=== Begin Enclosure ===

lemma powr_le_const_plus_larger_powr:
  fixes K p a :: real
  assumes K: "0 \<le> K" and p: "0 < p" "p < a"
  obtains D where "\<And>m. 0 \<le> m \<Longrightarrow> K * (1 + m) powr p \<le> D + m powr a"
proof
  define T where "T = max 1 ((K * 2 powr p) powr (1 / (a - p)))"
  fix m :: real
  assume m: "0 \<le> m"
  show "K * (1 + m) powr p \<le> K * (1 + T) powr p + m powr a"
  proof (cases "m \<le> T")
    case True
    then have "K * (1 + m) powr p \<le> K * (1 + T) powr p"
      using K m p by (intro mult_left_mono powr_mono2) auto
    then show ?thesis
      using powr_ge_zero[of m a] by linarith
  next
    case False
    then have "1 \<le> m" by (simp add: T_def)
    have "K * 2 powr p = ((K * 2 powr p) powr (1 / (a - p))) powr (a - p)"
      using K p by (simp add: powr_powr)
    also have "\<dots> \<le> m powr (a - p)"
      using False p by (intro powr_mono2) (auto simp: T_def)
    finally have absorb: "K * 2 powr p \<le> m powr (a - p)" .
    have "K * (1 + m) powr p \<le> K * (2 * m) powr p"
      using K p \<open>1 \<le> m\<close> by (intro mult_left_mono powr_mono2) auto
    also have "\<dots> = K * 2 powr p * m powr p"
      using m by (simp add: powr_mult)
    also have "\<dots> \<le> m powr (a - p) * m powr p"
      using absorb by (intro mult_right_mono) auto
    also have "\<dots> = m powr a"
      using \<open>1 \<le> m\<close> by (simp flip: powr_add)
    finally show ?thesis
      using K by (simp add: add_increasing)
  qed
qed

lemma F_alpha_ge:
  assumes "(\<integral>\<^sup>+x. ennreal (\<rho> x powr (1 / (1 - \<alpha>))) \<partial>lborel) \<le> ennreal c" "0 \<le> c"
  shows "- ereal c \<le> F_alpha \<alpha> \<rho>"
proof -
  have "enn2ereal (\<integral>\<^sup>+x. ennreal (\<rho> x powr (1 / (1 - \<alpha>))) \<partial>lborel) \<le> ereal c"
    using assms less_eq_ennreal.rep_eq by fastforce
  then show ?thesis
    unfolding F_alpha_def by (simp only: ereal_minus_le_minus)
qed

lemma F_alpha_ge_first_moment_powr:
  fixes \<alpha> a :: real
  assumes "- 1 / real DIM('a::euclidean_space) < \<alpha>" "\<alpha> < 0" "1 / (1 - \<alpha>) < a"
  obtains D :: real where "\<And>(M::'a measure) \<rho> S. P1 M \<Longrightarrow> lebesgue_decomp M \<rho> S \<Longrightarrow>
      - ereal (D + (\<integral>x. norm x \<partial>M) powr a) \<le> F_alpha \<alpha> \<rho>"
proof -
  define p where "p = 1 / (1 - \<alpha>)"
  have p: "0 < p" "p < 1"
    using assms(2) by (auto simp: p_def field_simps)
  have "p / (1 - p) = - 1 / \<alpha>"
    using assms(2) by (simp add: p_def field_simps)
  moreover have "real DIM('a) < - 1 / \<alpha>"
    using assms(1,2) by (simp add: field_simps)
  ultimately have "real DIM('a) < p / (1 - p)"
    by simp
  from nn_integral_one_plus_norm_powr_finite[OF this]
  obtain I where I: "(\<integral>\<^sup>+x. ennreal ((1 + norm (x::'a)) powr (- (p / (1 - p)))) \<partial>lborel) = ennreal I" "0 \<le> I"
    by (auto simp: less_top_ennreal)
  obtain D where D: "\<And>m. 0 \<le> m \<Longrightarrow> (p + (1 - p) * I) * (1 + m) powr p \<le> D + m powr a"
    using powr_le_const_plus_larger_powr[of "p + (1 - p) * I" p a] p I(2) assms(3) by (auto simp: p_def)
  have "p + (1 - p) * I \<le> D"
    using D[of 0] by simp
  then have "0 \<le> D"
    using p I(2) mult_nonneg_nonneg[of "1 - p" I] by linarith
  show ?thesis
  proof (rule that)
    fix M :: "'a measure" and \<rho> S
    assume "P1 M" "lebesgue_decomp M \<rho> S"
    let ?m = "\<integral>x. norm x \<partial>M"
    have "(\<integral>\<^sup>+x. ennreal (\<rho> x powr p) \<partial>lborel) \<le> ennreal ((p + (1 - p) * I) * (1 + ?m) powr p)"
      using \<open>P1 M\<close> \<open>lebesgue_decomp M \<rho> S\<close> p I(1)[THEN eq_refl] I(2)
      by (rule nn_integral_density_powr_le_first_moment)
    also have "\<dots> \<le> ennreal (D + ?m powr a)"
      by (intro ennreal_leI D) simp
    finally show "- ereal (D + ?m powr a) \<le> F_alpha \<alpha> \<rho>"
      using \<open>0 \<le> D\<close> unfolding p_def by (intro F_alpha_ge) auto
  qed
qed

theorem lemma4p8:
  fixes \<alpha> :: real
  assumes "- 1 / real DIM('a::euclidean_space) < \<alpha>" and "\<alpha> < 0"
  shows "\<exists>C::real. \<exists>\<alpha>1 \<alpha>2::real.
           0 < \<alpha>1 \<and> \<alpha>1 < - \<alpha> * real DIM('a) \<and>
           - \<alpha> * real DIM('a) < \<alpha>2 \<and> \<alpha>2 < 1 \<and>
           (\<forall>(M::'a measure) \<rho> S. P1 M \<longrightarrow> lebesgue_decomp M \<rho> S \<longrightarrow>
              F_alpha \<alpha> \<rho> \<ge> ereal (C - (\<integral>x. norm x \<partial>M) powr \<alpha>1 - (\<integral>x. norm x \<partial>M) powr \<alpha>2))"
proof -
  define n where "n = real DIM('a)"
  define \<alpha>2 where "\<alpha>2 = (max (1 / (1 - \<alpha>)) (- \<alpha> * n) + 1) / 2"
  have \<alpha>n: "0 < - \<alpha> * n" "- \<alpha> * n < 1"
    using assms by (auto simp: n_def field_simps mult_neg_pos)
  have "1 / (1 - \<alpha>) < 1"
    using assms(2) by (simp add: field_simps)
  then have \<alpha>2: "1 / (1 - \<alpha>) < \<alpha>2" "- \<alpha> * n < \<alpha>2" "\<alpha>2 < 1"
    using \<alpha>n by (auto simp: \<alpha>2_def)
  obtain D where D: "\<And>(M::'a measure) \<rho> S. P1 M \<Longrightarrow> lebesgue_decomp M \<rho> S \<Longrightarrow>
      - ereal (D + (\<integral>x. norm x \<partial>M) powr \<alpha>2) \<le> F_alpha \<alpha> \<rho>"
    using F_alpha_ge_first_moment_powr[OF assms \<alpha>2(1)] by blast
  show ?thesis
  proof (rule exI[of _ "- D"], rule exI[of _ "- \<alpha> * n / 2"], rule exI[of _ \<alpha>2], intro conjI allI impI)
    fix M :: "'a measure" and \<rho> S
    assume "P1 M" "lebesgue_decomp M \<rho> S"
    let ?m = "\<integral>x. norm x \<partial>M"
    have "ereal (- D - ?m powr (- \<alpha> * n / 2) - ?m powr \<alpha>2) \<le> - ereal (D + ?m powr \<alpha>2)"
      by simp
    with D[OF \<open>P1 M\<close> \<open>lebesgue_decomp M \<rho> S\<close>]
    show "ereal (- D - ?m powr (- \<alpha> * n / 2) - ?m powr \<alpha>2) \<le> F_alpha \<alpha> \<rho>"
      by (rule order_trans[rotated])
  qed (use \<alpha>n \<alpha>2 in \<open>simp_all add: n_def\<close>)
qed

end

=== End Enclosure ===

Try it >> How many of the lines above include "proof"? Only the number should be given.

Output of the exercise >> 7